- **Task description**
Copy out all of the records, exactly as they appear.

-------- Extracted entries --------

(* Let $d\ge 1$ and $h\ge 1$ be integers, let $T$ be the complete $d$-ary tree of height $h$, and let $v$ be a leaf of $T$. For every integer $0\le l\le h$, the hitting time from the ancestor of $v$ at distance $l$ from $v$ to $v$ is $g_{h,h}(d)-g_{h,h-l}(d)$.
   Context: The complete $d$-ary tree of height $h$ is the rooted tree in which every vertex at depth less than $h$ has exactly $d$ children and every vertex at depth $h$ is a leaf; the ancestors of $v$ are the vertices on the path from $v$ to the root (including $v$). For a positive integer $k$ and nonnegative integer $m$ define $g_{k,0}(d)=0$ and, for $m\ge 1$, $g_{k,m}(d)=\left(\sum_{i=0}^{m-1}(2m-2i)d^{k-i}\right)-m$. A simple random walk moves at each step to a uniformly random neighbor; the hitting time from $x$ to $y$ is the expected number of steps for a simple random walk started at $x$ to first reach $y$. *)

theory Defs
  imports Complex_Main
begin

text \<open>Complete d-ary tree of height h: vertices are words over {0..<d} of length at most h;
  the root is the empty word, the children of u are u @ [i], leaves are words of length h.\<close>
definition tree_verts :: "nat \<Rightarrow> nat \<Rightarrow> nat list set" where
  "tree_verts d h = {u. set u \<subseteq> {..<d} \<and> length u \<le> h}"

definition tree_nbrs :: "nat \<Rightarrow> nat \<Rightarrow> nat list \<Rightarrow> nat list set" where
  "tree_nbrs d h u = {w \<in> tree_verts d h. (u \<noteq> [] \<and> w = butlast u) \<or> (\<exists>i<d. w = u @ [i])}"

definition srw_trans :: "nat \<Rightarrow> nat \<Rightarrow> nat list \<Rightarrow> nat list \<Rightarrow> real" where
  "srw_trans d h u w = (if w \<in> tree_nbrs d h u then 1 / real (card (tree_nbrs d h u)) else 0)"

definition walk_prob :: "nat \<Rightarrow> nat \<Rightarrow> nat list list \<Rightarrow> real" where
  "walk_prob d h ws = (\<Prod>i<length ws - 1. srw_trans d h (ws ! i) (ws ! Suc i))"

definition first_hit_prob :: "nat \<Rightarrow> nat \<Rightarrow> nat list \<Rightarrow> nat list \<Rightarrow> nat \<Rightarrow> real" where
  "first_hit_prob d h x y n =
     (\<Sum>ws \<in> {ws. length ws = Suc n \<and> set ws \<subseteq> tree_verts d h \<and> hd ws = x \<and> last ws = y
                 \<and> y \<notin> set (take n ws)}. walk_prob d h ws)"

definition hitting_time :: "nat \<Rightarrow> nat \<Rightarrow> nat list \<Rightarrow> nat list \<Rightarrow> real" where
  "hitting_time d h x y = (\<Sum>n. real n * first_hit_prob d h x y n)"

definition g_fun :: "nat \<Rightarrow> nat \<Rightarrow> real \<Rightarrow> real" where
  "g_fun k m d = (if m = 0 then 0 else
     (\<Sum>i<m. real (2*m - 2*i) * d powi (int k - int i)) - real m)"

end

theory Submission
  imports Defs "HOL-Library.Sublist"
begin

--------

- **Answer space**
(* Let $d\ge 1$ and $h\ge 1$ be integers, let $T$ be the complete $d$-ary tree of height $h$, and let $v$ be a leaf of $T$. For every integer $0\le l\le h$, the hitting time from the ancestor of $v$ at distance $l$ from $v$ to $v$ is $g_{h,h}(d)-g_{h,h-l}(d)$.
   Context: The complete $d$-ary tree of height $h$ is the rooted tree in which every vertex at depth less than $h$ has exactly $d$ children and every vertex at depth $h$ is a leaf; the ancestors of $v$ are the vertices on the path from $v$ to the root (including $v$). For a positive integer $k$ and nonnegative integer $m$ define $g_{k,0}(d)=0$ and, for $m\ge 1$, $g_{k,m}(d)=\left(\sum_{i=0}^{m-1}(2m-2i)d^{k-i}\right)-m$. A simple random walk moves at each step to a uniformly random neighbor; the hitting time from $x$ to $y$ is the expected number of steps for a simple random walk started at $x$ to first reach $y$. *)

theory Defs
  imports Complex_Main
begin

text \<open>Complete d-ary tree of height h: vertices are words over {0..<d} of length at most h;
  the root is the empty word, the children of u are u @ [i], leaves are words of length h.\<close>
definition tree_verts :: "nat \<Rightarrow> nat \<Rightarrow> nat list set" where
  "tree_verts d h = {u. set u \<subseteq> {..<d} \<and> length u \<le> h}"

definition tree_nbrs :: "nat \<Rightarrow> nat \<Rightarrow> nat list \<Rightarrow> nat list set" where
  "tree_nbrs d h u = {w \<in> tree_verts d h. (u \<noteq> [] \<and> w = butlast u) \<or> (\<exists>i<d. w = u @ [i])}"

definition srw_trans :: "nat \<Rightarrow> nat \<Rightarrow> nat list \<Rightarrow> nat list \<Rightarrow> real" where
  "srw_trans d h u w = (if w \<in> tree_nbrs d h u then 1 / real (card (tree_nbrs d h u)) else 0)"

definition walk_prob :: "nat \<Rightarrow> nat \<Rightarrow> nat list list \<Rightarrow> real" where
  "walk_prob d h ws = (\<Prod>i<length ws - 1. srw_trans d h (ws ! i) (ws ! Suc i))"

definition first_hit_prob :: "nat \<Rightarrow> nat \<Rightarrow> nat list \<Rightarrow> nat list \<Rightarrow> nat \<Rightarrow> real" where
  "first_hit_prob d h x y n =
     (\<Sum>ws \<in> {ws. length ws = Suc n \<and> set ws \<subseteq> tree_verts d h \<and> hd ws = x \<and> last ws = y
                 \<and> y \<notin> set (take n ws)}. walk_prob d h ws)"

definition hitting_time :: "nat \<Rightarrow> nat \<Rightarrow> nat list \<Rightarrow> nat list \<Rightarrow> real" where
  "hitting_time d h x y = (\<Sum>n. real n * first_hit_prob d h x y n)"

definition g_fun :: "nat \<Rightarrow> nat \<Rightarrow> real \<Rightarrow> real" where
  "g_fun k m d = (if m = 0 then 0 else
     (\<Sum>i<m. real (2*m - 2*i) * d powi (int k - int i)) - real m)"

end

theory Submission
  imports Defs "HOL-Library.Sublist"
begin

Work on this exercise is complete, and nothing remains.